Aim of the task — From the entries that follow, list every line in which the string "Otimes" appears.

Data for the task —
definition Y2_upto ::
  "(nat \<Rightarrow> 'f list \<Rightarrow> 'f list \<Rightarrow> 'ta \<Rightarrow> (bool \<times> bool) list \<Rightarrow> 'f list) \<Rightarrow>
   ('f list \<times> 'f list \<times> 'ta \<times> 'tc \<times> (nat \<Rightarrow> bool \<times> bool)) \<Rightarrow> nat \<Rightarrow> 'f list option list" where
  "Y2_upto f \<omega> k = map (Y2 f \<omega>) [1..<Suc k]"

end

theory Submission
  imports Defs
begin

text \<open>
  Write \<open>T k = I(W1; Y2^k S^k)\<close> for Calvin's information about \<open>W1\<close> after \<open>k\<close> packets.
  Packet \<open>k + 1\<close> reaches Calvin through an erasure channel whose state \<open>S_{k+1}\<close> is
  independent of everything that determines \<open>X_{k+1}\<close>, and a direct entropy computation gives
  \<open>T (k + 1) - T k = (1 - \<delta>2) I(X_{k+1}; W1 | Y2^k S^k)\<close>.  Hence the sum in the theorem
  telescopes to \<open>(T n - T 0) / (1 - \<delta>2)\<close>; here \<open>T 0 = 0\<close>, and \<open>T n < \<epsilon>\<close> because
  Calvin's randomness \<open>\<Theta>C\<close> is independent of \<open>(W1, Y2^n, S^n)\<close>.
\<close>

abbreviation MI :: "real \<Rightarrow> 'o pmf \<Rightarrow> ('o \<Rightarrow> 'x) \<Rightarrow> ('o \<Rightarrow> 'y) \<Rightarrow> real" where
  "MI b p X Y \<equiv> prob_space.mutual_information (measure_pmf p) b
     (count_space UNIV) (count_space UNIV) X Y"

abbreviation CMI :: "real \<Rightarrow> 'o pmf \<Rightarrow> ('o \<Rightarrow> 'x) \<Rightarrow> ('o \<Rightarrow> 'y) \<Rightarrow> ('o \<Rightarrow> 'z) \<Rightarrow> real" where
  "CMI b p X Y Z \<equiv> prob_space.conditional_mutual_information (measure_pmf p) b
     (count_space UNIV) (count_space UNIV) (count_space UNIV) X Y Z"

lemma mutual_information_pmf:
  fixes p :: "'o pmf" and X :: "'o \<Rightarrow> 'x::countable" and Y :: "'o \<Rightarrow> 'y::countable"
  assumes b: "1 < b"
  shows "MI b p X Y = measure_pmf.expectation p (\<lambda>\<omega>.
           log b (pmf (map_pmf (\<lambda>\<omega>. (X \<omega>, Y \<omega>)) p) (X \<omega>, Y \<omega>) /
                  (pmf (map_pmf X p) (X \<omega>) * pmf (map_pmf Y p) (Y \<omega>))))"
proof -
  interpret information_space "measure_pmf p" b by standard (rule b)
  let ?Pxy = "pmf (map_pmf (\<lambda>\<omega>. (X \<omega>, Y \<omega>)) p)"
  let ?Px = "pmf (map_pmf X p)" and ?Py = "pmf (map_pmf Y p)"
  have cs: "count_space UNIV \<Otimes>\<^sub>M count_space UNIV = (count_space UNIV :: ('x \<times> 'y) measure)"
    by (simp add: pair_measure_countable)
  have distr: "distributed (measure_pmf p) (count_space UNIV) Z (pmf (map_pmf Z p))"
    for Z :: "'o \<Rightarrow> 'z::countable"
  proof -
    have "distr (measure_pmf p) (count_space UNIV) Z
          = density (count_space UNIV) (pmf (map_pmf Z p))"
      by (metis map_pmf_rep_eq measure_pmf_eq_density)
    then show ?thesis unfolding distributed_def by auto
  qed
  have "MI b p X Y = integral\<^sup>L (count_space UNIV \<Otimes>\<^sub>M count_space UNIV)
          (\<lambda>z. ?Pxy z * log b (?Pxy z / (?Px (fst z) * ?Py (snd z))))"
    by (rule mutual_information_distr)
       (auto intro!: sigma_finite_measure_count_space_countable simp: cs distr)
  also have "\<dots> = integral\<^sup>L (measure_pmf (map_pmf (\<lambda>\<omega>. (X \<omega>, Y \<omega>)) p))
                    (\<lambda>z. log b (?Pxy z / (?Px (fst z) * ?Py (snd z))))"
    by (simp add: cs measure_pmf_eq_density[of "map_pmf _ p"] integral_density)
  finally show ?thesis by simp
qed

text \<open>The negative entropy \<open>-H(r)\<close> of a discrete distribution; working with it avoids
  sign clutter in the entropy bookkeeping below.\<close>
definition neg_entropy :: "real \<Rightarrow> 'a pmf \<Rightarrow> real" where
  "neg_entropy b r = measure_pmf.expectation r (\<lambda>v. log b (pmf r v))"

Output —
  have cs: "count_space UNIV \<Otimes>\<^sub>M count_space UNIV = (count_space UNIV :: ('x \<times> 'y) measure)"
  have "MI b p X Y = integral\<^sup>L (count_space UNIV \<Otimes>\<^sub>M count_space UNIV)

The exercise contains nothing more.